The only reason I am writing this is because I have no one to go to and I need to get it off my chest.
Nothing in my life is working, I feel so unfortunate and worthless. I will list all the problems in subheadings in no particular order.
My family don't understand anything whatsoever. This afternoon I was feeling dizzy and I nearly vomited but I come downstairs to my parents who think I'm up to no good in my room. They tell me everything I have done wrong today after coming back from school - from the chair not back in the right place to never fulfilling my duties. It seems that whatever I do can't please them enough as I always make some stupid mistake.

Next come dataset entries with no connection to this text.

lemma ex_nonzero_sum_eq_0_weighted_sum_eq_0:
  fixes b :: "'a::finite \<Rightarrow> real"
  assumes "CARD('a) > 2"
  shows "\<exists>v. (\<Sum>y\<in>UNIV. v y) = 0 \<and> (\<Sum>y\<in>UNIV. b y * v y) = 0 \<and> (\<exists>y. v y \<noteq> 0)"
proof -
  obtain S :: "'a set" where "card S = 3"
    using obtain_subset_with_card_n[of 3 "UNIV :: 'a set"] assms by auto
  then obtain y1 y2 y3 :: 'a where y: "y1 \<noteq> y2" "y2 \<noteq> y3" "y1 \<noteq> y3"
    unfolding card_3_iff by blast
  have on_three_points: "\<exists>v. (\<Sum>y\<in>UNIV. v y) = 0 \<and> (\<Sum>y\<in>UNIV. b y * v y) = 0 \<and> (\<exists>y. v y \<noteq> 0)"
    if "c1 + c2 + c3 = 0" "b y1 * c1 + b y2 * c2 + b y3 * c3 = 0" "c1 \<noteq> 0 \<or> c3 \<noteq> 0" for c1 c2 c3
  proof -
    define v where "v y = (if y = y1 then c1 else 0) + (if y = y2 then c2 else 0)
      + (if y = y3 then c3 else 0)" for y
    have "b y * v y = (if y = y1 then b y1 * c1 else 0) + (if y = y2 then b y2 * c2 else 0)
        + (if y = y3 then b y3 * c3 else 0)" for y
      by (simp add: v_def distrib_left)
    then have "(\<Sum>y\<in>UNIV. v y) = c1 + c2 + c3" "(\<Sum>y\<in>UNIV. b y * v y) = b y1 * c1 + b y2 * c2 + b y3 * c3"
      by (simp_all add: v_def sum.distrib)
    moreover have "v y1 = c1" "v y3 = c3" using y by (simp_all add: v_def)
    ultimately show ?thesis using that by metis
  qed
  show ?thesis
  proof (cases "b y1 = b y2")
    case True
    then show ?thesis using on_three_points[of 1 "-1" 0] by (simp add: algebra_simps)
  next
    case False
    \<comment> \<open>the cross product of \<open>(1,1,1)\<close> and \<open>(b y1, b y2, b y3)\<close>\<close>
    then show ?thesis
      using on_three_points[of "b y3 - b y2" "b y1 - b y3" "b y2 - b y1"] by (simp add: algebra_simps)
  qed
qed

lemma ex_pos_small_perturbation:
  fixes f g :: "'a::finite \<Rightarrow> real"
  assumes "\<And>i. f i > 0"
  shows "\<exists>e>0. \<forall>i. f i + e * g i > 0"
proof -
  have "\<forall>\<^sub>F e in at_right 0. \<forall>i. f i + e * g i > 0"
    by (intro eventually_all_finite order_tendstoD(1)[of _ "f _"] assms)
       (auto intro!: tendsto_eq_intros)
  moreover have "\<forall>\<^sub>F e in at_right (0::real). e > 0"
    by (simp add: eventually_at_right_less)
  ultimately show ?thesis
    by (metis (mono_tags, lifting) eventually_conj eventually_happens' trivial_limit_at_right_real)
qed

lemma factorized_perturbation:
  fixes Qt :: "('t::finite,'x::finite,'y::finite) jdist"
  assumes Qt: "Qt \<in> DeltaP P"
    and fac: "\<And>t x y. Qt$(t,x,y) = a t y * mXY Qt x y"
    and a_sum: "\<And>y. (\<Sum>t\<in>UNIV. a t y) = 1"
    and r_sum_x: "\<And>y. (\<Sum>x\<in>UNIV. r x y) = 0"
    and r_sum_y: "\<And>t x. (\<Sum>y\<in>UNIV. a t y * r x y) = 0"
    and nonneg: "\<And>t x y. Qt$(t,x,y) + a t y * r x y \<ge> 0"
  defines "Q \<equiv> vec_lambda (\<lambda>(t,x,y). Qt$(t,x,y) + a t y * r x y)"
  shows "Q \<in> DeltaP P" and "condH_T_XY Q = condH_T_XY Qt"
proof -
  have Q_nth: "Q$(t,x,y) = Qt$(t,x,y) + a t y * r x y" for t x y
    by (simp add: Q_def)
  have mTY_Q: "mTY Q t y = mTY Qt t y" for t y
    using r_sum_x[of y] by (simp add: mTY_def Q_nth sum.distrib flip: sum_distrib_left)
  have mTX_Q: "mTX Q t x = mTX Qt t x" for t x
    using r_sum_y[of t x] by (simp add: mTX_def Q_nth sum.distrib)
  have "mXY Q x y = mXY Qt x y + r x y" for x y
    using a_sum[of y] by (simp add: mXY_def Q_nth sum.distrib flip: sum_distrib_right)
  then have fac_Q: "Q$(t,x,y) = a t y * mXY Q x y" for t x y
    by (simp add: Q_nth fac distrib_left)
  have dist_Qt: "is_dist Qt" using Qt by (simp add: DeltaP_def)
  have "(\<Sum>i\<in>UNIV. Q$i) = 1"
    using sum_mTX_eq_1[OF dist_Qt] unfolding sum_UNIV_prod3 by (simp flip: mTX_def add: mTX_Q)
  moreover have "Q$i \<ge> 0" for i
    using nonneg by (cases i) (simp add: Q_nth)
  ultimately have "is_dist Q" by (simp add: is_dist_def)
  with Qt show "Q \<in> DeltaP P" by (simp add: DeltaP_def mTX_Q mTY_Q)
  show "condH_T_XY Q = condH_T_XY Qt"
    using condH_T_XY_factorized[OF fac_Q] condH_T_XY_factorized[OF fac] by (simp add: mTY_Q)
qed
section \<open>Contraction of \<open>D\<^sub>f\<close> versus \<open>\<chi>\<^sup>2\<close>\<close>

lemma Df_push_le_kappa_chi2:
  fixes f :: "real \<Rightarrow> real" and P Q :: "'x \<Rightarrow> real" and W :: "'x \<Rightarrow> 'y \<Rightarrow> real"
  assumes f_convex: "convex_on {0<..} f" and f_deriv: "(f has_real_derivative f1) (at 1)"
    and f_one: "f 1 = 0" and g_convex: "convex_on {0<..} (\<lambda>t. (f t - f0) / t)"
    and pos: "f0 + f1 > 0"
    and P: "is_pmf P" and P_pos: "\<And>x. P x > 0" and Q: "is_pmf Q" and Q_pos: "\<And>x. Q x > 0"
    and W: "is_channel W" and W_cover: "\<And>y. \<exists>x. W x y > 0"
    and "P \<noteq> Q" and fin: "Df_finite f P Q"
  shows "ereal (Df f (push P W) (push Q W) / Df f P Q)
    \<le> ereal (1 / (f0 + f1)) * kappa f f1 (INF x. P x / Q x) (SUP x. ereal (P x / Q x))
       * ereal (chi2 (push P W) (push Q W) / chi2 P Q)"
proof -
  define \<xi>\<^sub>1 where "\<xi>\<^sub>1 = (INF x. P x / Q x)"
  define \<xi>\<^sub>2 where "\<xi>\<^sub>2 = (SUP x. ereal (P x / Q x))"
  define PY QY where "PY = push P W" and "QY = push Q W"
  have ratio_pos: "P x / Q x > 0" for x using P_pos Q_pos by simp
  have bdd: "bdd_below (range (\<lambda>x. P x / Q x))"
    using ratio_pos by (intro bdd_belowI[of _ 0]) (auto simp: less_imp_le)
  have \<xi>\<^sub>1_le: "\<xi>\<^sub>1 \<le> P x / Q x" for x unfolding \<xi>\<^sub>1_def by (rule cINF_lower[OF bdd]) simp
  have \<xi>\<^sub>1_nonneg: "0 \<le> \<xi>\<^sub>1"
    unfolding \<xi>\<^sub>1_def using ratio_pos by (intro cINF_greatest) (auto simp: less_imp_le)
  have \<xi>\<^sub>2_ge: "ereal (P x / Q x) \<le> \<xi>\<^sub>2" for x unfolding \<xi>\<^sub>2_def by (rule SUP_upper) simp
  obtain x\<^sub>0 where "P x\<^sub>0 < Q x\<^sub>0" using pmf_exists_less[OF P Q \<open>P \<noteq> Q\<close>] by blast
  then have "P x\<^sub>0 / Q x\<^sub>0 < 1" using Q_pos[of x\<^sub>0] by simp
  then have "\<xi>\<^sub>1 < 1" using \<xi>\<^sub>1_le[of x\<^sub>0] by linarith
  have PY_pos: "PY y > 0" and QY_pos: "QY y > 0" for y
    unfolding PY_def QY_def using W_cover[of y] push_pos[OF P W P_pos] push_pos[OF Q W Q_pos] by blast+
  have ratio_Y: "\<xi>\<^sub>1 \<le> PY y / QY y" "ereal (PY y / QY y) \<le> \<xi>\<^sub>2" for y
    unfolding PY_def QY_def using push_ratio_between[OF P Q W Q_pos QY_pos[unfolded QY_def] \<xi>\<^sub>1_le \<xi>\<^sub>2_ge] .
  have K: "0 < kappa f f1 \<xi>\<^sub>1 \<xi>\<^sub>2"
    by (rule kappa_pos[OF f_deriv f_one g_convex \<xi>\<^sub>1_nonneg \<open>\<xi>\<^sub>1 < 1\<close> pos])
  have "ereal (Df f PY QY / Df f P Q)
    \<le> ereal (1 / (f0 + f1)) * kappa f f1 \<xi>\<^sub>1 \<xi>\<^sub>2 * ereal (chi2 PY QY / chi2 P Q)"
  proof (rule Df_ratio_le_chi2_ratio[OF _ _ Q_pos _ _ QY_pos \<open>P \<noteq> Q\<close> pos K f_one fin])
    show "(P has_sum 1) UNIV" "(Q has_sum 1) UNIV" "(PY has_sum 1) UNIV" "(QY has_sum 1) UNIV"
      using P Q is_pmf_push[OF P W] is_pmf_push[OF Q W] unfolding PY_def QY_def is_pmf_def by auto
    show "(f0 + f1) * (P x / Q x - 1)^2 \<le> f (P x / Q x) + f1 * (1 - P x / Q x)" for x
      by (rule quadratic_lower_bound[OF f_deriv f_one g_convex ratio_pos])
    show "(f0 + f1) * (PY y / QY y - 1)^2 \<le> f (PY y / QY y) + f1 * (1 - PY y / QY y)" for y
      using PY_pos QY_pos by (intro quadratic_lower_bound[OF f_deriv f_one g_convex]) simp
    show "ereal ((f (PY y / QY y) + f1 * (1 - PY y / QY y)) / (PY y / QY y - 1)^2)
      \<le> kappa f f1 \<xi>\<^sub>1 \<xi>\<^sub>2" if "PY y / QY y \<noteq> 1" for y
      using PY_pos[of y] QY_pos[of y] that ratio_Y by (intro le_kappa_closed[OF f_convex]) simp_all
  qed
  then show ?thesis unfolding PY_def QY_def \<xi>\<^sub>1_def \<xi>\<^sub>2_def .
qed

Sister: from all the frustration from my parents scolding me , I unconsciously take it out on my sister then later feel guilty as it's not her fault but i make her suffer when she doesn't deserve to.
2- School(social life):
Well, everyday I go to school and nothing else. I don't have a life outside of school at all.I do go to a badminton club but I have no friends there. I have one friend in school but even she is drifting away as whenever I ask to go out, my parents always find a reason to not let me go. And out two days in a row is considered too much.
3- School I perform above average in school but I'm certainly not a genius. However, my parents want me to be getting 100% in everything. When I get 96% and someone else gets 97% then they are like oh wow that is one whole percentage, it could cost you your life" •When I find a test hard then my mum tells me that I should have revised more as no test can ever be difficult. However, I work very hard and I revise as much as I can but I'm sorry I'm not good enough still.
Ok I know this is going to sound incredibly desperate but it just gets me down when seeing people getting gf/bfs. When I have never had a male friend let alone a boy friend. I feel so lonely and depressed. I have tried to make a move sometimes but it gets me nowhere and people just ignore making matters even worse.
I am insecure about everything about me lately, literally everything. I can't bare to make eye contact with people because I think they will judge me by my acne etcetc. I try to cover up acne with makeup but it only makes it worse , flakey and dry.
This only happens once every few weeks now but it used to be really bad two years ago. Since then my self esteem has decreased vastly. I have only one class with the "bullies" every week and they take every opportunity to pick on me.
I have seemed my guidance counsellor and she has been of no help. (This was two years ago)
I cry myself everyday to sleep and feel sick in the morning but if I tell my parents this they will say I'm making excuses or I'm a drama queen.
Everything I do only causes trouble. My mum says I'm of no use and one time she was angry and she even said she wished I was never born.
Don't get me wrong, I always laugh all the time and never show this but I just felt like letting it out for once. Infact, my distant friends say I'm the funniest person ever and I'm always happy but it's not the case really.